▸ **TASK TO COMPLETE**
Please give back only the lines below from the one containing "Sig \<Longrightarrow> E" to the one containing "by (simp add: Iunit_def sets_restrict_space_iff)", each repeated word for word, both ends included.

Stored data
....

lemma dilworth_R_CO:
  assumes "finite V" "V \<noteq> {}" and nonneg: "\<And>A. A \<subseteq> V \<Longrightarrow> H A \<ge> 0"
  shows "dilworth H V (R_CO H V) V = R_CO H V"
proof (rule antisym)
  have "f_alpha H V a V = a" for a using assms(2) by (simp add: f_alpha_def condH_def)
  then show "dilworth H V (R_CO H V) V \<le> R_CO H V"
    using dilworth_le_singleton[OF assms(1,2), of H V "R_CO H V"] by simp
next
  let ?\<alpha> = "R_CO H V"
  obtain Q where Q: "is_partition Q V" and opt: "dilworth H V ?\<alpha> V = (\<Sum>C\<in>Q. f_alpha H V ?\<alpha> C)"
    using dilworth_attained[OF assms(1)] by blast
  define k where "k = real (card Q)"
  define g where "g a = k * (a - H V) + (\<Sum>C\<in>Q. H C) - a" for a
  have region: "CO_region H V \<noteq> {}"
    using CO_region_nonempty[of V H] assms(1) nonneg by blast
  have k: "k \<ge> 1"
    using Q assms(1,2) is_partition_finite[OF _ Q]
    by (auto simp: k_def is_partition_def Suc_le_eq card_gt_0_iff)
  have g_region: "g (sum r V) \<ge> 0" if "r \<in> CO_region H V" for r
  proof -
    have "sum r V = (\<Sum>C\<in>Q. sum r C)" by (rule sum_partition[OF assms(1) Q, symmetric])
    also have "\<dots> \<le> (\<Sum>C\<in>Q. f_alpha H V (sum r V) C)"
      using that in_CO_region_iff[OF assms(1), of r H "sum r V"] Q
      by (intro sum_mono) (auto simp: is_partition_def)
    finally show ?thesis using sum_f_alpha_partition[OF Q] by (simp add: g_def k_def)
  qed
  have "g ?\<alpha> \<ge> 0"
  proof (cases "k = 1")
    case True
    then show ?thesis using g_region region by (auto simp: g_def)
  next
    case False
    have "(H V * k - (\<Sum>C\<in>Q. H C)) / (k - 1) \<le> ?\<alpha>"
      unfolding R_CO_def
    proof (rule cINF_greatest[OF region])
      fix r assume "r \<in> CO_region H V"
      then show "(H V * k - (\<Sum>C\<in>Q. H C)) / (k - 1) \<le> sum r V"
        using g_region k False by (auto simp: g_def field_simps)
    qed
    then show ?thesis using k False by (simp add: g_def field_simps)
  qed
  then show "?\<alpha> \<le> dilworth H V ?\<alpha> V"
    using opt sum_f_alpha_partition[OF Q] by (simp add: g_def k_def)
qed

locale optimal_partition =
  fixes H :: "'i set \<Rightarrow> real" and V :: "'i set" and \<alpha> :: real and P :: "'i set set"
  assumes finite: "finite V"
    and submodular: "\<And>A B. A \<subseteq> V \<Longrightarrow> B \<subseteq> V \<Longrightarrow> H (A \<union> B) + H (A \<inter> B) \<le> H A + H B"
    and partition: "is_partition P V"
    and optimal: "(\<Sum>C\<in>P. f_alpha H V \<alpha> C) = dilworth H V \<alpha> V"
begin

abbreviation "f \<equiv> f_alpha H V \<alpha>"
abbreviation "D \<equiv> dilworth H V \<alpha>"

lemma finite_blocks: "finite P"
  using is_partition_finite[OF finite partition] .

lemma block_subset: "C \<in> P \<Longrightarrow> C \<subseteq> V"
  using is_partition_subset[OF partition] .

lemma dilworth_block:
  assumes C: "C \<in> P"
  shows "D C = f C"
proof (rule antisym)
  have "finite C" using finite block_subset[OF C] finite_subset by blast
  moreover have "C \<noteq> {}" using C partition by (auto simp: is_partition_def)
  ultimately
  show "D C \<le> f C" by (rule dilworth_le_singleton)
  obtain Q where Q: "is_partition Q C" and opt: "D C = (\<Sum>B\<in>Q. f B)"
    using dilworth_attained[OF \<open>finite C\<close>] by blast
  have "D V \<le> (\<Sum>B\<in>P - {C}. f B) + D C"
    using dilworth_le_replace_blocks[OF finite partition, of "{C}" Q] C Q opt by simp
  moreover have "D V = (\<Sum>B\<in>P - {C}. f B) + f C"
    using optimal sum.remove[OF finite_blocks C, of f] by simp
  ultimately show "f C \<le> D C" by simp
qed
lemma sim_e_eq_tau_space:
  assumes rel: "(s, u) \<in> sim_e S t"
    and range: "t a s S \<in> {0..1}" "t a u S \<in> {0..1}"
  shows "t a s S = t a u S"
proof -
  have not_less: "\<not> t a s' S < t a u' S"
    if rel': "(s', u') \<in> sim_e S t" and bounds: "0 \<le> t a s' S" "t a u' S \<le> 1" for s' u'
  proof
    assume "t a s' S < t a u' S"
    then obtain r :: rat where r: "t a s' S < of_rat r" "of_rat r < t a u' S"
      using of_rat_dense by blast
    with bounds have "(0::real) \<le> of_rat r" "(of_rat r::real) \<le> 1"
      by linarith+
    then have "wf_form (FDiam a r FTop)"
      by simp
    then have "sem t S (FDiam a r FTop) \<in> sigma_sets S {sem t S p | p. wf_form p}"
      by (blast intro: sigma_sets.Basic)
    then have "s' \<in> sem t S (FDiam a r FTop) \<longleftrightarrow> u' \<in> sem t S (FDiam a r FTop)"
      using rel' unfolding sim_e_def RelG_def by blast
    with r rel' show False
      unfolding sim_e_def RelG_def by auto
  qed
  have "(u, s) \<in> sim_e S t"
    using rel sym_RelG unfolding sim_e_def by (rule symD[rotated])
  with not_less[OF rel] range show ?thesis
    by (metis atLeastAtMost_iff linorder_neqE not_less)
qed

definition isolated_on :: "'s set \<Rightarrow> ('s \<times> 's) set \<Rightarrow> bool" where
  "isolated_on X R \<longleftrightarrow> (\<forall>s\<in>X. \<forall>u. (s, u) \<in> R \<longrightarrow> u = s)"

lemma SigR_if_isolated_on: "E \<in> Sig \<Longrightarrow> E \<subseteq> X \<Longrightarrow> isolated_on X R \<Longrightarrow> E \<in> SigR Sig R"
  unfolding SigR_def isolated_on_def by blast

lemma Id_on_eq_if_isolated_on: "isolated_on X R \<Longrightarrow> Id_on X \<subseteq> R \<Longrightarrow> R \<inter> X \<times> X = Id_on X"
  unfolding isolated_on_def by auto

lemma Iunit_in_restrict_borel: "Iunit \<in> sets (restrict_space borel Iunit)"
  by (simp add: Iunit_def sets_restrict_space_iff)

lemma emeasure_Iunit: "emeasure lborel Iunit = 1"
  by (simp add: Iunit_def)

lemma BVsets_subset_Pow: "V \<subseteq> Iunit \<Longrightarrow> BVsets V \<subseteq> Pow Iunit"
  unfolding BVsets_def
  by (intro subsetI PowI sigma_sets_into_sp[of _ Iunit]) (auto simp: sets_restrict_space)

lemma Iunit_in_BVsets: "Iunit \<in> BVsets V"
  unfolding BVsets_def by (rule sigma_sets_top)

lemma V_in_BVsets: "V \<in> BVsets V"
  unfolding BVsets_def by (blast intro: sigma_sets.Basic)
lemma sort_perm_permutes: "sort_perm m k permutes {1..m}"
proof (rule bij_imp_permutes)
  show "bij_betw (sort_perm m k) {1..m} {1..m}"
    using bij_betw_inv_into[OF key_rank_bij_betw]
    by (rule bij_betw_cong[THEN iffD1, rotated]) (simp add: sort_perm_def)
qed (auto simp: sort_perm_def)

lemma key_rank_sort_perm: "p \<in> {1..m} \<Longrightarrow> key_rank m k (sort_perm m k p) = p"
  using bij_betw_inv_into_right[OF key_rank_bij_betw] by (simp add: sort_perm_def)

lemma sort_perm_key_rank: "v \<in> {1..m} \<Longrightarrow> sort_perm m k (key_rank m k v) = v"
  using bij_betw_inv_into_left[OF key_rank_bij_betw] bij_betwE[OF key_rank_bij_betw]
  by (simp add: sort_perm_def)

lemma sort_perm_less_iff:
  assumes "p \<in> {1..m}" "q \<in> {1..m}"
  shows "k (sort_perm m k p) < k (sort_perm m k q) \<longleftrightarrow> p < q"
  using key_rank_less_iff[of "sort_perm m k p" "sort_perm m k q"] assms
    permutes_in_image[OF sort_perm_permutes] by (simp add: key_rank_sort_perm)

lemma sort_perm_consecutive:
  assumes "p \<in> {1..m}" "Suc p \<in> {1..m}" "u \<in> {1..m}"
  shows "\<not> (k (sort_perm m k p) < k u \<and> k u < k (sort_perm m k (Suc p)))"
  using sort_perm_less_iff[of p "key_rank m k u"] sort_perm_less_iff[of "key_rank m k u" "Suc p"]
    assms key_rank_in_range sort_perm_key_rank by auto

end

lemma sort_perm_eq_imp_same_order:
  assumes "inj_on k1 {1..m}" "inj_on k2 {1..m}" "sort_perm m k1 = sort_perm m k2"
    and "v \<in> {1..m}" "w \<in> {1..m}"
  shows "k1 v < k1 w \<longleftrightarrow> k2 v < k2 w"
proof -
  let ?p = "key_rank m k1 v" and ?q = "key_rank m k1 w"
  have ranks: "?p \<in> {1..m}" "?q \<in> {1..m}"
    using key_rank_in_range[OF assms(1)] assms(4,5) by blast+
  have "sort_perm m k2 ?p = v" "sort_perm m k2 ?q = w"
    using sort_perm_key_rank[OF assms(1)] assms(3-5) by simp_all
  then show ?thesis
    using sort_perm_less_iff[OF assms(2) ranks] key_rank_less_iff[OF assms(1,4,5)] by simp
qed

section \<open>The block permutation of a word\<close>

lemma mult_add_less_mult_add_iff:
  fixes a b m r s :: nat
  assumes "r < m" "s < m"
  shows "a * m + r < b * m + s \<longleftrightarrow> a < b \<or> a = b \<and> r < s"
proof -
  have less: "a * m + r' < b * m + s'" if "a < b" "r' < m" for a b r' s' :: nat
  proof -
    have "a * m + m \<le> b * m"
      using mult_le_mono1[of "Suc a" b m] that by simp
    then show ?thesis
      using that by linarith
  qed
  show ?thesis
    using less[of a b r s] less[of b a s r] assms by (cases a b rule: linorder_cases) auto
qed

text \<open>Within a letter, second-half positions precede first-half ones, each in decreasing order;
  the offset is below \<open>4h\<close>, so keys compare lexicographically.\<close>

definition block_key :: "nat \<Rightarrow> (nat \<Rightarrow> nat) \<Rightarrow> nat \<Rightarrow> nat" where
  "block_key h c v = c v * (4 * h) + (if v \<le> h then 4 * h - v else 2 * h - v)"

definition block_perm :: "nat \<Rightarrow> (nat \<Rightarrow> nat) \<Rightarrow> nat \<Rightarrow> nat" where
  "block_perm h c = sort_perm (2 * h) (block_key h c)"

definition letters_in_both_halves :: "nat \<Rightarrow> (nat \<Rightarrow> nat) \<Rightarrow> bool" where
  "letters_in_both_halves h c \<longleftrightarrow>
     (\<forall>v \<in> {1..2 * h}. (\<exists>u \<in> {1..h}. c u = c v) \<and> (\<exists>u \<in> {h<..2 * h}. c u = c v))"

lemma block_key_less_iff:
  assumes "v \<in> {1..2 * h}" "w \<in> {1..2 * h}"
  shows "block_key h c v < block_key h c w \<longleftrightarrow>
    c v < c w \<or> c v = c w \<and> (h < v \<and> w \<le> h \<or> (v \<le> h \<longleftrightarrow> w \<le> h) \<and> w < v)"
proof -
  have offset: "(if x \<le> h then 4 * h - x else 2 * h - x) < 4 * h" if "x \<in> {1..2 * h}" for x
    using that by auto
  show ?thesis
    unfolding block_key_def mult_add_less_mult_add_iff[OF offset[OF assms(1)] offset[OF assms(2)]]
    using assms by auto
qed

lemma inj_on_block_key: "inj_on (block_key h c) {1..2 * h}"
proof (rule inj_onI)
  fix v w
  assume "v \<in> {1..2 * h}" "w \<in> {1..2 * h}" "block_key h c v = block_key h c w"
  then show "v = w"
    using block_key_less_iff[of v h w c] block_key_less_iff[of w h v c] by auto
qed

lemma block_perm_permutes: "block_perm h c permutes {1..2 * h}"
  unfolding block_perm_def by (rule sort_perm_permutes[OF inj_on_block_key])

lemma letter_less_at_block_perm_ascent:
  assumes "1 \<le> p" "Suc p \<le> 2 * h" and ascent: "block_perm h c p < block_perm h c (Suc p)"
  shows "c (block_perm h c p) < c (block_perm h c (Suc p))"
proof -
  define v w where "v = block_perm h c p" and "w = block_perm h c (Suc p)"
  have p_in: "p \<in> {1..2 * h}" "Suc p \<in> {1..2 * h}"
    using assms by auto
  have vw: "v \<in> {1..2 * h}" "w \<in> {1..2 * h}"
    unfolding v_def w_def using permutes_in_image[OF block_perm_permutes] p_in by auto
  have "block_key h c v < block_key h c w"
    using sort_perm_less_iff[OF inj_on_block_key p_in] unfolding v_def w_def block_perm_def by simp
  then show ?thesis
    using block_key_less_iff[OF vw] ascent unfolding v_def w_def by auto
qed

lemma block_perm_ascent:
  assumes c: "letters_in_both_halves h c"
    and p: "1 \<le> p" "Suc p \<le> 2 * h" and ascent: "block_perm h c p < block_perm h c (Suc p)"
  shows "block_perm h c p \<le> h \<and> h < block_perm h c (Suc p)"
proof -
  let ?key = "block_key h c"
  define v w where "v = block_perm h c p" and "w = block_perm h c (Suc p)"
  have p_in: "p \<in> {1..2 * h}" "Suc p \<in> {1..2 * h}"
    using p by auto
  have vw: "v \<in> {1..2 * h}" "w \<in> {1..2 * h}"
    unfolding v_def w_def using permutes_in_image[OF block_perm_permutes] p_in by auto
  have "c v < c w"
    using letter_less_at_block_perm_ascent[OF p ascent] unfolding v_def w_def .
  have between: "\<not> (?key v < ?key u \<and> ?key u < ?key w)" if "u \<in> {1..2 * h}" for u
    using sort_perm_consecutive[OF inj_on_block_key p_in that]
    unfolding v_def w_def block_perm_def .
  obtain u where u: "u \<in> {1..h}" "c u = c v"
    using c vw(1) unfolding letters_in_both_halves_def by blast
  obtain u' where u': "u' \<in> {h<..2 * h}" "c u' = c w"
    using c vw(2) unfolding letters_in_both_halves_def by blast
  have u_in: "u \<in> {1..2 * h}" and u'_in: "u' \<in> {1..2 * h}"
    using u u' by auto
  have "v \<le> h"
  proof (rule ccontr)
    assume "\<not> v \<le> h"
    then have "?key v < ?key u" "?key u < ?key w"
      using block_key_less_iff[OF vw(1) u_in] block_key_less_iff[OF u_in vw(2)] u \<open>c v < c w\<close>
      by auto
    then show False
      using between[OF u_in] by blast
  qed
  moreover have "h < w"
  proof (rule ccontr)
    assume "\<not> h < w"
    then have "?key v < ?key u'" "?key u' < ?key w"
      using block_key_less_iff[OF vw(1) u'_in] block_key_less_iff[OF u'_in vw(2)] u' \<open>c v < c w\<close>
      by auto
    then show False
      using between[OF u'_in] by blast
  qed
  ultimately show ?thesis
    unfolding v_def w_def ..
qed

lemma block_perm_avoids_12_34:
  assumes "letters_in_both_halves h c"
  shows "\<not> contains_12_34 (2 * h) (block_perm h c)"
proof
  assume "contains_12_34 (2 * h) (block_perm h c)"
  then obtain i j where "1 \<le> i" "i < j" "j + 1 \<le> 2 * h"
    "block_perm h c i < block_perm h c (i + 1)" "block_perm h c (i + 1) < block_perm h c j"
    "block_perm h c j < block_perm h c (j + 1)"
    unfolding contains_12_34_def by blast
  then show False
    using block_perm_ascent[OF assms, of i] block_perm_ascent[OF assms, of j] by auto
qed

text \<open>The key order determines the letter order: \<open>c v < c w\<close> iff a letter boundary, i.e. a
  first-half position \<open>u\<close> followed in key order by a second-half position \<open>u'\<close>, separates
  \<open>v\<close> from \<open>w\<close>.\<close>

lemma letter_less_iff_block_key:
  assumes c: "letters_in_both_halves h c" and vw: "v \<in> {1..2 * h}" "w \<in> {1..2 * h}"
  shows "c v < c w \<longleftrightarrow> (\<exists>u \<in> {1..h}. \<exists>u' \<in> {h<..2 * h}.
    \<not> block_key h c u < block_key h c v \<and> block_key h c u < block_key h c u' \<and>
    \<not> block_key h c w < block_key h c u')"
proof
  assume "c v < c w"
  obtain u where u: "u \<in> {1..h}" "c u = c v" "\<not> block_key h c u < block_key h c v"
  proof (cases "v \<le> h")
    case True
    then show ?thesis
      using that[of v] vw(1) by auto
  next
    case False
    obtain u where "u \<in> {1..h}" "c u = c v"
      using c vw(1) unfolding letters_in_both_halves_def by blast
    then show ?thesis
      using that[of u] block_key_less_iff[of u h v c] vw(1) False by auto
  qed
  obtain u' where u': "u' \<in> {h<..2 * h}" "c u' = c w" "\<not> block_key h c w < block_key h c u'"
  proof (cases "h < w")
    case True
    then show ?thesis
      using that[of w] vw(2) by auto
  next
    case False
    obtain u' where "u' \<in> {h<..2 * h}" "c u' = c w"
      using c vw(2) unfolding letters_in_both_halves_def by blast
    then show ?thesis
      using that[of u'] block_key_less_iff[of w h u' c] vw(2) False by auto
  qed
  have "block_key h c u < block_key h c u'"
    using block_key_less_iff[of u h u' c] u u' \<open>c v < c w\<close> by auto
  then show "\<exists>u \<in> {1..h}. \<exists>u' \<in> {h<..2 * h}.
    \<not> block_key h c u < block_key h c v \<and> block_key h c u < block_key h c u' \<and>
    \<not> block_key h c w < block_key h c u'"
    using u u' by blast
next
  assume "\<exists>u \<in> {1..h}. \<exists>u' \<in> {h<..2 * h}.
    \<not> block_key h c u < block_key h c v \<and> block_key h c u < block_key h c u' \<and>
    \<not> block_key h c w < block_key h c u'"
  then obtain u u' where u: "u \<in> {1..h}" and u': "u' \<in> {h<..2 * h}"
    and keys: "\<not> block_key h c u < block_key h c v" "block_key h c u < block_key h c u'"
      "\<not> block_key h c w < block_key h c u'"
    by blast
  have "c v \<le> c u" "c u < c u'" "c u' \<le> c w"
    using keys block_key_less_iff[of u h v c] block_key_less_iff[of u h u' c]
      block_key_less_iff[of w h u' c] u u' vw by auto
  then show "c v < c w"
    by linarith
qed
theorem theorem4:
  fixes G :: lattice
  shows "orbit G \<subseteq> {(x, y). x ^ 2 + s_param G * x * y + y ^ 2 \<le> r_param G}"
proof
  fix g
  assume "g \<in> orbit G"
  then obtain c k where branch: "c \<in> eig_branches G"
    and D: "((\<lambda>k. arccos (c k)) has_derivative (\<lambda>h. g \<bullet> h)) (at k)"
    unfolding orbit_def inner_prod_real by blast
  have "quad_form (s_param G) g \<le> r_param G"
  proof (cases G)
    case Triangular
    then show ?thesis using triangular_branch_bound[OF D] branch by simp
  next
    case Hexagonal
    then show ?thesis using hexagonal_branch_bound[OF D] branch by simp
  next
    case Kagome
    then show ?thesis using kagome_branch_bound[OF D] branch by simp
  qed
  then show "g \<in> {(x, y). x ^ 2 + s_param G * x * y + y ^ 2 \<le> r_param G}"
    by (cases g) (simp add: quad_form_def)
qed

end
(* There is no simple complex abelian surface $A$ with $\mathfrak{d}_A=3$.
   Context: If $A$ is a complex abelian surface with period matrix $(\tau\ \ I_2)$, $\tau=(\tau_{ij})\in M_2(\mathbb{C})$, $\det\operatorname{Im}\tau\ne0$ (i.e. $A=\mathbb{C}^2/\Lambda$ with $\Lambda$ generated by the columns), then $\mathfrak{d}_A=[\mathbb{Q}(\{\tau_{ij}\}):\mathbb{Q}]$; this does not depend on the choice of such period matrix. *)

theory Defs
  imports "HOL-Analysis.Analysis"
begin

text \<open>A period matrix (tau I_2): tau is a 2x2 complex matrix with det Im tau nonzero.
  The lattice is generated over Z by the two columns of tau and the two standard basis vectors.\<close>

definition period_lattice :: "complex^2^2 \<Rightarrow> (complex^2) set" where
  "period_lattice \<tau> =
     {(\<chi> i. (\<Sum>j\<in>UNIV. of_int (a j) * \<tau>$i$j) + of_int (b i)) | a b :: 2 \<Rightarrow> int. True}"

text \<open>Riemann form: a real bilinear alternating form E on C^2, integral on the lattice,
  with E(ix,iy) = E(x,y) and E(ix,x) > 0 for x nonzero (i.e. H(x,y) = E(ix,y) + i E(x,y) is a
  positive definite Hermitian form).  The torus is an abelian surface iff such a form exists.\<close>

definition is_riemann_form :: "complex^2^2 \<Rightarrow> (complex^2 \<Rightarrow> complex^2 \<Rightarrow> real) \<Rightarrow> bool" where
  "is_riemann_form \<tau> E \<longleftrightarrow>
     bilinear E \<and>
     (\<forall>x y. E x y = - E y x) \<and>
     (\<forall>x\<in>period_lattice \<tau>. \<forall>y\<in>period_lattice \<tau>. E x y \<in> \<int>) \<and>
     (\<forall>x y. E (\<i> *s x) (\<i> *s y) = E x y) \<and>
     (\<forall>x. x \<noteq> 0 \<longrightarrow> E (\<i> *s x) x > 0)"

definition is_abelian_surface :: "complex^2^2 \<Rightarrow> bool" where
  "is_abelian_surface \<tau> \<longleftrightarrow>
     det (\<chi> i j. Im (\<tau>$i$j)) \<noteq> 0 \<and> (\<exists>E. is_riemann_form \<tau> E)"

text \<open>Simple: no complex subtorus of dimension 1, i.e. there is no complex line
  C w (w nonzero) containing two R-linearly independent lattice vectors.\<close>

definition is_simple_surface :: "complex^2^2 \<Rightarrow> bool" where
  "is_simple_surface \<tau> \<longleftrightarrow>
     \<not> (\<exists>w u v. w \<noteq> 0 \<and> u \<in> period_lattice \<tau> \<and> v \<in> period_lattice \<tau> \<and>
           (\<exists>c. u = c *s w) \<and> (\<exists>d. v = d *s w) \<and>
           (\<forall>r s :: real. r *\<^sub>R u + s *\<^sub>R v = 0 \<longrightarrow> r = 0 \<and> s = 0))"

....

▸ **SOLVED EXERCISE**
lemma SigR_if_isolated_on: "E \<in> Sig \<Longrightarrow> E \<subseteq> X \<Longrightarrow> isolated_on X R \<Longrightarrow> E \<in> SigR Sig R"
  unfolding SigR_def isolated_on_def by blast

lemma Id_on_eq_if_isolated_on: "isolated_on X R \<Longrightarrow> Id_on X \<subseteq> R \<Longrightarrow> R \<inter> X \<times> X = Id_on X"
  unfolding isolated_on_def by auto

lemma Iunit_in_restrict_borel: "Iunit \<in> sets (restrict_space borel Iunit)"
  by (simp add: Iunit_def sets_restrict_space_iff)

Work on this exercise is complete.